> Work to be completed: Show every line in the material below in which the string "open" appears.

> Raw data:
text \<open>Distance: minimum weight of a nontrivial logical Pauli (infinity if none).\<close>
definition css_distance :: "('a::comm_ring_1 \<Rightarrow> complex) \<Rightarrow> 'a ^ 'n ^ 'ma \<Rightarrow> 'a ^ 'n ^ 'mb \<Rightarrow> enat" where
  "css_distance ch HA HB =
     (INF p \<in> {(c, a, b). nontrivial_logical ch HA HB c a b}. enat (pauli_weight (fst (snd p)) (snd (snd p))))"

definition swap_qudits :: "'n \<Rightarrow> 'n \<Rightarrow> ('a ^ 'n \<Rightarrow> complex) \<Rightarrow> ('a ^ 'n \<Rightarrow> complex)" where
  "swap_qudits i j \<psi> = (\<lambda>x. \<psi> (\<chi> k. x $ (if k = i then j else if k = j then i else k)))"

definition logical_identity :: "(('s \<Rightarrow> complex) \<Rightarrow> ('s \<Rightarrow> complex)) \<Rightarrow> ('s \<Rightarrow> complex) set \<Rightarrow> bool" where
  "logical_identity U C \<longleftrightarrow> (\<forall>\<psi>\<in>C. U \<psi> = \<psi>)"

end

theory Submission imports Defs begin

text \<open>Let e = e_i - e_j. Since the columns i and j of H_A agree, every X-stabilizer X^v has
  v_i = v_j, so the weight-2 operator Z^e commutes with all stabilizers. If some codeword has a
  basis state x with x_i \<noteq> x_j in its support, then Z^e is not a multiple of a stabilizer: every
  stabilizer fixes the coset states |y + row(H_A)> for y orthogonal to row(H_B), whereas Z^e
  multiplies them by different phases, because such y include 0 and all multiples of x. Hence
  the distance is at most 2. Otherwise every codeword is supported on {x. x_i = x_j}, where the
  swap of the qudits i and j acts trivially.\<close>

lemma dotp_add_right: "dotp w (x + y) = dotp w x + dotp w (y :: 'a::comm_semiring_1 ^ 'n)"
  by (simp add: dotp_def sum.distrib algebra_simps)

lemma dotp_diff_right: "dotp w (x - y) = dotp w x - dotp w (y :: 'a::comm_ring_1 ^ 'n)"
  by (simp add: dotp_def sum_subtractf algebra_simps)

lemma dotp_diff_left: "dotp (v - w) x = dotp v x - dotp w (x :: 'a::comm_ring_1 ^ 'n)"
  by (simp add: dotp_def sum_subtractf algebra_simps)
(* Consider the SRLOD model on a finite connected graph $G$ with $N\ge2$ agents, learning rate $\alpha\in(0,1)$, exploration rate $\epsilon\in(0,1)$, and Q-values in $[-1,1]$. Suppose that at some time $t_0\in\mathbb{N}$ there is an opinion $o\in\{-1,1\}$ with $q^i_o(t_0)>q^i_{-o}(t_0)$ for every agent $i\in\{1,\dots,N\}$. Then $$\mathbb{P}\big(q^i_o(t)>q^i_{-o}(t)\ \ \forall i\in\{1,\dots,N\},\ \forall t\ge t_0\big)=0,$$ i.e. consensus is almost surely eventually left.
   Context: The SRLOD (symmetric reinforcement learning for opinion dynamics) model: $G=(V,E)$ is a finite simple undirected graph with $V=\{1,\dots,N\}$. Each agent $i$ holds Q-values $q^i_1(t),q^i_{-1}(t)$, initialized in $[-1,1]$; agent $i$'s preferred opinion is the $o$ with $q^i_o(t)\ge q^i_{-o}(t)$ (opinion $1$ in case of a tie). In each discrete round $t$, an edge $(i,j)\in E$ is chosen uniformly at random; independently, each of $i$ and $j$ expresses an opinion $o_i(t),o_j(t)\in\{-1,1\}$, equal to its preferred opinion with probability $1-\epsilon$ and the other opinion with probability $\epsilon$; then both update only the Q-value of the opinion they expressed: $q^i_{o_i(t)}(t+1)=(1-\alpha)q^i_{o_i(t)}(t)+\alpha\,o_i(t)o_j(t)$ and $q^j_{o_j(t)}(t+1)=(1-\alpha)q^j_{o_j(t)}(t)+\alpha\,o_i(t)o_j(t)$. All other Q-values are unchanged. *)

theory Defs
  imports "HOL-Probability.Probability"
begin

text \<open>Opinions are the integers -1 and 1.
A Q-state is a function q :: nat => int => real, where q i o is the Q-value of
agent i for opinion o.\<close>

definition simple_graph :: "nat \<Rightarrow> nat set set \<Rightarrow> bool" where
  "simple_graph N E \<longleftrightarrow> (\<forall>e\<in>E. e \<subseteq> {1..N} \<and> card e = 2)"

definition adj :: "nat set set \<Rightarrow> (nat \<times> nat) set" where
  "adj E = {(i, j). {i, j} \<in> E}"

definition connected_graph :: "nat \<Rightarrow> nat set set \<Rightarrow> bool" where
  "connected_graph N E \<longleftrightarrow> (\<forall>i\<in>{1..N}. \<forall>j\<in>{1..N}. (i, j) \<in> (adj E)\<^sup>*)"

> The completed task:
text \<open>Distance: minimum weight of a nontrivial logical Pauli (infinity if none).\<close>
text \<open>Let e = e_i - e_j. Since the columns i and j of H_A agree, every X-stabilizer X^v has
text \<open>Opinions are the integers -1 and 1.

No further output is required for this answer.